This is the 10th day of my participation in Gwen Challenge
The KMP algorithm is used for string matching. It ensures that the time complexity of the algorithm is O(N) by ensuring that the target string is scanned only once.
The KMP algorithm uses the information stored in the storage (usually placed in dp, next array) to string the matches in the correct position. (Also a dynamic programming algorithm)

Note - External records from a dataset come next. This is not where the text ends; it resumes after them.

lemma cost_eq_if_flow_shear:
  assumes P: "prob_space \<eta>" and S: "sets \<eta> = sets borel" and I: "integrable \<eta> (\<lambda>b. b)"
    and F: "flow u 1 = (\<lambda>x. (fst x + C, snd x - (fst x * C + K)))"
  shows "cost \<eta> u = (\<integral>b. b \<partial>\<eta>) - K"
proof -
  interpret prob_space \<eta> by fact
  have m0: "(\<lambda>b. (0::real, b)) \<in> \<eta> \<rightarrow>\<^sub>M borel"
    by (rule measurable_Pair_zero[OF S])
  have m1: "flow u 1 \<in> borel \<rightarrow>\<^sub>M borel" unfolding F
    by (intro borel_measurable_continuous_onI continuous_intros)
  have "cost \<eta> u = (\<integral>x. snd x \<partial>(distr \<eta> borel (\<lambda>b. flow u 1 (0, b))))"
    unfolding cost_def mu_def theta_eq_distr[OF P S] ell_def
    by (simp add: distr_distr[OF m1 m0] comp_def)
  also have "\<dots> = (\<integral>b. snd (flow u 1 (0, b)) \<partial>\<eta>)"
    using integral_distr[OF measurable_comp[OF m0 m1], of snd]
    by (simp add: comp_def borel_prod[symmetric])
  also have "\<dots> = (\<integral>b. b - K \<partial>\<eta>)" by (simp add: F)
  also have "\<dots> = (\<integral>b. b \<partial>\<eta>) - K" using I by (simp add: prob_space)
  finally show ?thesis .
qed

lemma flow_cong_negligible:
  assumes N: "negligible N" and uv: "\<And>s. s \<in> {0..1} - N \<Longrightarrow> u s = v s" and t: "t \<le> 1"
  shows "flow u t = flow v t"
proof -
  have uv': "u s = v s" if "s \<in> {0..t} - N" for s
    using that t uv by auto
  have primitive: "integral {0..s} u = integral {0..s} v" if "s \<le> t" for s
    by (rule integral_spike[OF N]) (use that uv' in auto)
  have "integral {0..t} (\<lambda>s. (a + integral {0..s} u) * u s)
      = integral {0..t} (\<lambda>s. (a + integral {0..s} v) * v s)" for a
    by (rule integral_spike[OF N]) (use uv' primitive in auto)
  then show ?thesis
    using primitive[OF order_refl] by (simp add: flow_def fun_eq_iff)
qed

So, the key is to match the string to determine next[]. The key to determine next[] is to match the common prefix of the string.
In the detailed explanation of KMP algorithm written by Labuladong, referring to Algorithm 4, the process of jump is regarded as the state transformation of the state machine. This idea is very consistent with the thinking of the computer, but if you have not learned the principle of compilation, I am afraid that it is a little difficult to understand the expression of using the state machine.
public class KMP {
private int[][] dp;
private String pat;
public KMP(String pat) {
this.pat = pat;
int M = pat.length(a);// dp[status][character] = next status
dp = new int[M][256];
// base case
dp[0][pat.charAt(0)] = 1;
// The shadow state X starts with 0
int X = 0;
// The current state j starts at 1
for (int j = 1; j < M; j++) {
for (int c = 0; c < 256; c++) {
if (pat.charAt(j) == c)
dp[j][c] = j + 1;
else
dp[j][c] = dp[X][c];
}
// Update the shadow status
X = dp[X][pat.charAt(j)]; }}public int search(String txt) {...}
}
Copy the code
In ordinary use, it is common to use a one-dimensional array to represent pattern strings. Whenever a mismatch occurs, find the mismatched character PI and go to the preceding string F=p1… Pi-1, move the pattern string back, place F first where the front (FL) and back (Fr) want to coincide, and is the position where the pattern string should move back. In other words, whenever a mismatch occurs, the place j points to is exactly the length of the F string that it wants to overlap with, plus one. So, we usually define a next[j] array. J is 1~m, where m is the length of the pattern string, indicating that when the JTH character is mismatched, the match should start again from the character at next[j].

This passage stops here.